The movie ‘Dare to be Wild’ is about Mary Reynolds, who found fame at the 2002 Chelsea Flower Show, and tells the story of her journey to make it big in the gardening world’s Olympics.
‘Parts of it are fictionalised, but truth is stranger than fiction. It is a wonderful story and very funny,’ said Mary, who took time out following her Chelsea success to bring up her children and ‘ to try to be a good mum’.
‘I had my children very soon after Chelsea. It is difficult to do both things.

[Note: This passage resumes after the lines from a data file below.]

lemma cd_typable_common_basis:
  "\<forall>P\<in>set Ps. cd_typable P \<Longrightarrow> \<exists>B ss. is_basis CD B \<and> list_all2 (cd_typing B) Ps ss"
proof (induction Ps)
  case Nil
  show ?case by (intro exI[of _ Map.empty]) (simp add: is_basis_def)
next
  case (Cons P Ps)
  then obtain B ss where B: "is_basis CD B" "list_all2 (cd_typing B) Ps ss" by auto
  from Cons.prems obtain B1 t where B1: "is_basis CD B1" "cd_typing B1 P t" by (auto simp: cd_typable_def)
  have "list_all2 (cd_typing (meet_basis B1 B)) (P # Ps) (t # ss)"
    using B B1 by (auto intro: cd_typing_refines refines_meet_basis1 refines_meet_basis2 elim!: list_all2_mono)
  then show ?case using B B1 is_basis_meet_basis by blast
qed

lemma cd_typable_LVar_apps:
  assumes "\<forall>P\<in>set Ps. cd_typable P"
  shows "cd_typable (apps (LVar x) Ps)"
proof -
  obtain B ss where B: "is_basis CD B" "list_all2 (cd_typing B) Ps ss"
    using cd_typable_common_basis[OF assms] by blast
  have "\<forall>s\<in>set ss. omega_free s" using B(2)
    by (induction rule: list_all2_induct) (auto dest: cd_typing_omega_free)
  then have of: "omega_free (arrows ss (Atom 0))" by (simp add: omega_free_arrows)
  define Bx where "Bx = (Map.empty(x \<mapsto> arrows ss (Atom 0)) :: basis)"
  have Bx: "is_basis CD Bx" using of by (auto simp: is_basis_CD_iff Bx_def)
  let ?B = "meet_basis B Bx"
  have "cd_typing Bx (LVar x) (arrows ss (Atom 0))"
    using of by (auto simp: Bx_def intro!: cd_typing.cd_var leq_CD_refl)
  then have "cd_typing ?B (LVar x) (arrows ss (Atom 0))"
    using B Bx by (auto intro: cd_typing_refines refines_meet_basis2)
  moreover have "list_all2 (cd_typing ?B) Ps ss"
    using B Bx by (auto intro: cd_typing_refines refines_meet_basis1 elim!: list_all2_mono)
  ultimately have "cd_typing ?B (apps (LVar x) Ps) (Atom 0)" by (rule cd_typing_apps)
  then show ?thesis using is_basis_meet_basis[OF B(1) Bx] by (auto simp: cd_typable_def)
qed

lemma cd_typable_LAbs:
  assumes "cd_typable A"
  shows "cd_typable (LAbs A)"
proof -
  obtain B t where B: "is_basis CD B" "cd_typing B A t" using assms by (auto simp: cd_typable_def)
  define s where "s = (case B 0 of None \<Rightarrow> Atom 0 | Some s \<Rightarrow> s)"
  have "omega_free s" using B by (auto simp: s_def is_basis_CD_iff split: option.splits)
  have "refines (extend (B \<circ> Suc) s) B"
    by (auto simp: refines_def extend_def s_def split: nat.splits option.splits)
  then have "cd_typing (B \<circ> Suc) (LAbs A) (Arr s t)"
    using B \<open>omega_free s\<close> by (auto intro: cd_typing.cd_abs cd_typing_refines)
  moreover have "dom (B \<circ> Suc) = Suc -` dom B" by auto
  then have "is_basis CD (B \<circ> Suc)"
    using B by (auto simp: is_basis_CD_iff intro: finite_vimageI)
  ultimately show ?thesis by (auto simp: cd_typable_def)
qed

lemma cd_typable_redex_apps:
  assumes "cd_typable N" and "cd_typable (apps (subst A N 0) Ps)"
  shows "cd_typable (apps (LApp (LAbs A) N) Ps)"
proof -
  obtain B1 B2 t s where B1: "is_basis CD B1" "cd_typing B1 (apps (subst A N 0) Ps) t"
    and B2: "is_basis CD B2" "cd_typing B2 N s"
    using assms by (auto simp: cd_typable_def)
  let ?B = "meet_basis B1 B2"
  have "cd_typing ?B (apps (subst A N 0) Ps) t" "cd_typing ?B N s"
    using B1 B2 by (auto intro: cd_typing_refines refines_meet_basis1 refines_meet_basis2)
  then have "cd_typing ?B (apps (LApp (LAbs A) N) Ps) t"
    by (auto intro: cd_typing_apps_cong cd_typing_expand_redex)
  then show ?thesis using B1 B2 is_basis_meet_basis by (auto simp: cd_typable_def)
qed

inductive immediate_subterm :: "lterm \<Rightarrow> lterm \<Rightarrow> bool" where
  "immediate_subterm s (LApp s t)"
| "immediate_subterm t (LApp s t)"
| "immediate_subterm s (LAbs s)"

lemma size_subterm: "immediate_subterm\<^sup>+\<^sup>+ N M \<Longrightarrow> size N < size M"
  by (induction rule: tranclp_induct) (auto elim: immediate_subterm.cases)

lemma beta_immediate_subterm:
  "immediate_subterm N M \<Longrightarrow> beta N N' \<Longrightarrow> \<exists>M'. beta M M' \<and> immediate_subterm N' M'"
  by (auto elim!: immediate_subterm.cases intro: immediate_subterm.intros beta.intros)

lemma beta_subterm:
  "immediate_subterm\<^sup>*\<^sup>* N M \<Longrightarrow> beta N N' \<Longrightarrow> \<exists>M'. beta M M' \<and> immediate_subterm\<^sup>*\<^sup>* N' M'"
proof (induction arbitrary: N' rule: converse_rtranclp_induct)
  case (step N K)
  then obtain K' where "beta K K'" "immediate_subterm N' K'"
    using beta_immediate_subterm by blast
  with step.IH show ?case by (auto intro: converse_rtranclp_into_rtranclp)
qed blast

text \<open>
  Induction over strongly normalizing terms along strict subterms and one-step reducts; it is
  well founded because a reduct of a subterm is a subterm of a reduct.
\<close>
lemma SN_subterm_induct [consumes 1, case_names step]:
  assumes "SN M"
    and step: "\<And>M. (\<And>N. immediate_subterm\<^sup>+\<^sup>+ N M \<Longrightarrow> P N) \<Longrightarrow> (\<And>N. beta M N \<Longrightarrow> P N) \<Longrightarrow> P M"
  shows "P M"
proof -
  have "\<forall>K. immediate_subterm\<^sup>*\<^sup>* K M \<longrightarrow> P K"
    using \<open>SN M\<close> unfolding SN_def
  proof (induction rule: accp.induct)
    case (accI M)
    have "P K" if "immediate_subterm\<^sup>*\<^sup>* K M" for K
      using that
    proof (induction K rule: measure_induct_rule[of size])
      case (less K)
      show ?case
      proof (rule step)
        fix N assume "immediate_subterm\<^sup>+\<^sup>+ N K"
        with less show "P N" by (meson size_subterm rtranclp_trans tranclp_into_rtranclp)
      next
        fix N assume "beta K N"
        with less.prems obtain M' where "beta M M'" "immediate_subterm\<^sup>*\<^sup>* N M'"
          using beta_subterm by blast
        with accI.IH show "P N" by blast
      qed
    qed
    then show ?case by blast
  qed
  then show ?thesis by blast
qed

lemma subterm_apps_head: "immediate_subterm\<^sup>*\<^sup>* h (apps h Ps)"
proof (induction Ps arbitrary: h)
  case (Cons P Ps)
  have "immediate_subterm h (LApp h P)" by (rule immediate_subterm.intros)
  with Cons[of "LApp h P"] show ?case by (auto intro: converse_rtranclp_into_rtranclp)
qed simp

lemma subterm_apps_arg: "P \<in> set Ps \<Longrightarrow> immediate_subterm\<^sup>+\<^sup>+ P (apps h Ps)"
proof (induction Ps arbitrary: h)
  case (Cons Q Ps)
  have "immediate_subterm Q (LApp h Q)" by (rule immediate_subterm.intros)
  with subterm_apps_head[of "LApp h Q" Ps] Cons show ?case
    by (auto intro: rtranclp_into_tranclp2)
qed simp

I did Super Garden and presented that programme for RTÉ, but kept everything else to a minimum,’ she said.
She described ‘Dare to be Wild’ as an indie movie and a kind of romantic comedy.
Radiant Films International picked up the international rights to the film, which marks Vivienne DeCourcy’s feature film directorial debut.

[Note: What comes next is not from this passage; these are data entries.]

(* Let $(\pi_h^k)_{k\ge 0}$ be the sequence of joint safety policies produced by the multi-agent safety policy iteration (defined in the context) from an arbitrary initial joint policy $\pi_h^0$, with an arbitrary ordering of the agents chosen at each iteration. Then: (a) for every $x\in\mathcal X$ and every $k\ge0$, $V_h^{\pi_h^{k+1}}(x)\ge V_h^{\pi_h^{k}}(x)$, and the sequence $(V_h^{\pi_h^k})_k$ converges; (b) under the tie-breaking convention in the context, the joint safety policies $\pi_h^k$ converge, i.e. are constant from some index on, to a joint policy $\pi_h^*=(\pi_{h,1}^*,\dots,\pi_{h,n}^* )$. This limit is a Nash equilibrium for the safety value function: for every agent $i\in\mathcal N$, every individual policy $\pi_{h,i}:\mathcal X\to\mathcal U_i$ and every $x\in\mathcal X$, $$V_h^{(\pi_{h,i},\pi^*_{h,-i})}(x)\le V_h^{\pi_h^*}(x).$$
   Context: Setting. Let $\mathcal N=\{1,\dots,n\}$ be a finite set of agents, $\mathcal X$ a finite state space, $\mathcal U_i$ a finite action set for agent $i$, $\mathcal U=\prod_{i=1}^n\mathcal U_i$ the joint action space, $f:\mathcal X\times\mathcal U\to\mathcal X$ the deterministic dynamics, $h:\mathcal X\to\mathbb R$ a constraint function, and $\gamma_h\in(0,1)$ a safety discount factor. An individual policy of agent $i$ is a map $\pi_i:\mathcal X\to\mathcal U_i$. A joint policy is $\pi=(\pi_1,\dots,\pi_n)$, with $\pi(x)=(\pi_1(x),\dots,\pi_n(x))$. For a joint action $u$ and an agent $i$, $(u_i',u_{-i})$ denotes $u$ with its $i$-th component replaced by $u_i'$. The notation $(\pi_i',\pi_{-i})$ is used in the same way for policies. Safety value function. For a joint policy $\pi$, set $V_h^{\pi}(x)=\min_{t\in\mathbb N}\gamma_h^{t+1}h(x_t)$, where $x_0=x$ and $x_{t+1}=f(x_t,\pi(x_t))$. Multi-agent safety policy iteration. Given $\pi_h^k$, compute $V_h^{\pi_h^k}$ and choose an ordering $i_1,\dots,i_n$ of $\mathcal N$. Then, for each $x\in\mathcal X$ and for $j=1,\dots,n$ in turn, set $$\pi_{h,i_j}^{k+1}(x)\in\arg\max_{v\in\mathcal U_{i_j}}V_h^{\pi_h^k}\big(f(x,w^{(j)})\big),$$ where $w^{(j)}\in\mathcal U$ is the joint action with component $i_j$ equal to $v$, component $i_l$ equal to $\pi_{h,i_l}^{k+1}(x)$ for $l<j$, and component $i_l$ equal to $\pi_{h,i_l}^{k}(x)$ for $l>j$. Tie-breaking convention. In every argmax, if the agent's current action ($\pi^k_{h,i_j}(x)$ here) is a maximizer, it is selected. Otherwise, a maximizer is selected by a fixed deterministic rule. *)

theory Defs
  imports Complex_Main
begin

text \<open>Agents are the elements of a finite type 'i; states the elements of a finite type 'x.
  All individual actions live in a common type 'a; agent i's action set is U i.\<close>

definition valid_policy :: "('i \<Rightarrow> 'a set) \<Rightarrow> ('x \<Rightarrow> 'i \<Rightarrow> 'a) \<Rightarrow> bool" where
  "valid_policy U \<pi> \<longleftrightarrow> (\<forall>x i. \<pi> x i \<in> U i)"

definition traj :: "('x \<Rightarrow> ('i \<Rightarrow> 'a) \<Rightarrow> 'x) \<Rightarrow> ('x \<Rightarrow> 'i \<Rightarrow> 'a) \<Rightarrow> 'x \<Rightarrow> nat \<Rightarrow> 'x" where
  "traj f \<pi> x t = ((\<lambda>s. f s (\<pi> s)) ^^ t) x"

definition safety_value ::
  "('x \<Rightarrow> ('i \<Rightarrow> 'a) \<Rightarrow> 'x) \<Rightarrow> ('x \<Rightarrow> real) \<Rightarrow> real \<Rightarrow> ('x \<Rightarrow> 'i \<Rightarrow> 'a) \<Rightarrow> 'x \<Rightarrow> real" where
  "safety_value f h \<gamma> \<pi> x = (INF t. \<gamma> ^ (t + 1) * h (traj f \<pi> x t))"

definition agent_ordering :: "'i list \<Rightarrow> bool" where
  "agent_ordering ord \<longleftrightarrow> distinct ord \<and> set ord = UNIV"

definition partial_joint ::
  "'i list \<Rightarrow> ('x \<Rightarrow> 'i \<Rightarrow> 'a) \<Rightarrow> ('x \<Rightarrow> 'i \<Rightarrow> 'a) \<Rightarrow> 'x \<Rightarrow> nat \<Rightarrow> 'i \<Rightarrow> 'a" where
  "partial_joint ord \<pi> \<pi>' x j = (\<lambda>i. if i \<in> set (take j ord) then \<pi>' x i else \<pi> x i)"

definition upd_value ::
  "('x \<Rightarrow> ('i \<Rightarrow> 'a) \<Rightarrow> 'x) \<Rightarrow> ('x \<Rightarrow> real) \<Rightarrow> real \<Rightarrow> 'i list \<Rightarrow>
    ('x \<Rightarrow> 'i \<Rightarrow> 'a) \<Rightarrow> ('x \<Rightarrow> 'i \<Rightarrow> 'a) \<Rightarrow> 'x \<Rightarrow> nat \<Rightarrow> 'a \<Rightarrow> real" where
  "upd_value f h \<gamma> ord \<pi> \<pi>' x j v =
     safety_value f h \<gamma> \<pi> (f x ((partial_joint ord \<pi> \<pi>' x j)(ord ! j := v)))"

The movie stars Ella Greenwell as Mary and Tom Hughes, who plays the part of Christy, an envionmentalist she recruits to help her compete at Chelsea.
Mimi Steinbauer, CEO of Radiant Films, calls DeCourcy’s script ‘fun and quirky’ and ‘a great antidote to today’s toils and troubles’.

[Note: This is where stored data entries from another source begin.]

lemma Theta1_column:
  assumes jl: "(j, l) \<in> Tset N"
  shows "Theta1 N G (\<lambda>x. if x = (k, k) then 1 else 0) (j, l) =
    (if j = k \<and> l = k then -2 * (\<Sum>n\<in>{..<N} - {k}. G k n)
     else if j = k then 2 * G k l else if l = k then 2 * G j k else 0)"
proof (cases "j = k \<and> l = k")
  case True
  have "(\<Sum>n\<in>{..<N} - {j, l}. G l n * (entry (\<lambda>x. if x = (k, k) then 1 else 0) j n
        - entry (\<lambda>x. if x = (k, k) then 1 else 0) j l)
      + G j n * (entry (\<lambda>x. if x = (k, k) then 1 else 0) n l
        - entry (\<lambda>x. if x = (k, k) then 1 else 0) j l))
      = (\<Sum>n\<in>{..<N} - {k}. -2 * G k n)"
    using True by (intro sum.cong) (auto simp: entry_def)
  then show ?thesis using jl True by (simp add: Theta1_def entry_def sum_distrib_left)
next
  case False
  have "(\<Sum>n\<in>{..<N} - {j, l}. G l n * (entry (\<lambda>x. if x = (k, k) then 1 else 0) j n
        - entry (\<lambda>x. if x = (k, k) then 1 else 0) j l)
      + G j n * (entry (\<lambda>x. if x = (k, k) then 1 else 0) n l
        - entry (\<lambda>x. if x = (k, k) then 1 else 0) j l)) = 0"
    using False by (intro sum.neutral) (auto simp: entry_def)
  then show ?thesis using jl False by (auto simp: Theta1_def Tset_def entry_def)
qed

lemma Theta1_row:
  assumes ab: "(a, b) \<in> Tset N" "(a, b) \<noteq> (k, k)" and "k < N"
  shows "Theta1 N G (\<lambda>x. if x = (a, b) then 1 else 0) (k, k) =
    (if a = k then 2 * G k b else if b = k then 2 * G k a else 0)"
proof -
  have ab': "a \<le> b" "b < N" using ab by (auto simp: Tset_def)
  define E where "E = entry (\<lambda>x. if x = (a, b) then 1 else 0)"
  have "E k k = 0" using ab by (auto simp: E_def entry_def)
  then have "Theta1 N G (\<lambda>x. if x = (a, b) then 1 else 0) (k, k)
      = (\<Sum>n\<in>{..<N} - {k}. G k n * E k n + G k n * E n k)"
    using \<open>k < N\<close> by (simp add: Theta1_def Tset_def E_def)
  also have "\<dots> = (\<Sum>n\<in>{..<N} - {k}. if n = (if a = k then b else a) then
      (if a = k \<or> b = k then 2 * G k n else 0) else 0)"
    using ab ab' by (intro sum.cong) (auto simp: E_def entry_def)
  also have "\<dots> = (if a = k then 2 * G k b else if b = k then 2 * G k a else 0)"
    using ab ab' by (auto simp: sum.delta)
  finally show ?thesis .
qed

Mary, who hails from Larkinstown, said she met Vivienne DeCourcy, an Irish-American lawyer, when she designed a garden for her.
Mary, who went to school at Piercestown National School and the Presentation Secondary School in Wexford, was the first Irish winner of a Chelsea Gold Medal for garden design.
‘Dare to be Wild’ had its first Irish screening at the Jameson International Film festival in Dublin in March last year and is due out in Irish and UK cinemas on September 23. Among those are the premiere were her proud parents Seán and Teresa, who live on Forth Mountain.
Mary’s book ‘ The Garden Awak- ening: Designs To Nurture Our Land and Ourselves’ is out now at shops in Ireland and the UK or online at Amazon UK, Waterstones and The Book Depository.
The premiere provides Wexford County Council with an ideal opportunity to acknowledge the work of this passionate, intuitive Wexford environmentalist who uses her landscape design talent to promote the preservation of the wild in that little space we control ourselves – our own gardens.
In recent times Mary Reynolds has collaborated with Wexford County Council in the design of its booklet ‘Access for All, Gardens, Parks and Community Spaces’. Mary was also the inspiration behind the magical landscape design of New Ross Library Park.
Mary Reynolds attended in person at the Wexford premiere at the Wexford Omniplex, alongside family, friends, dignitaries and invited guests.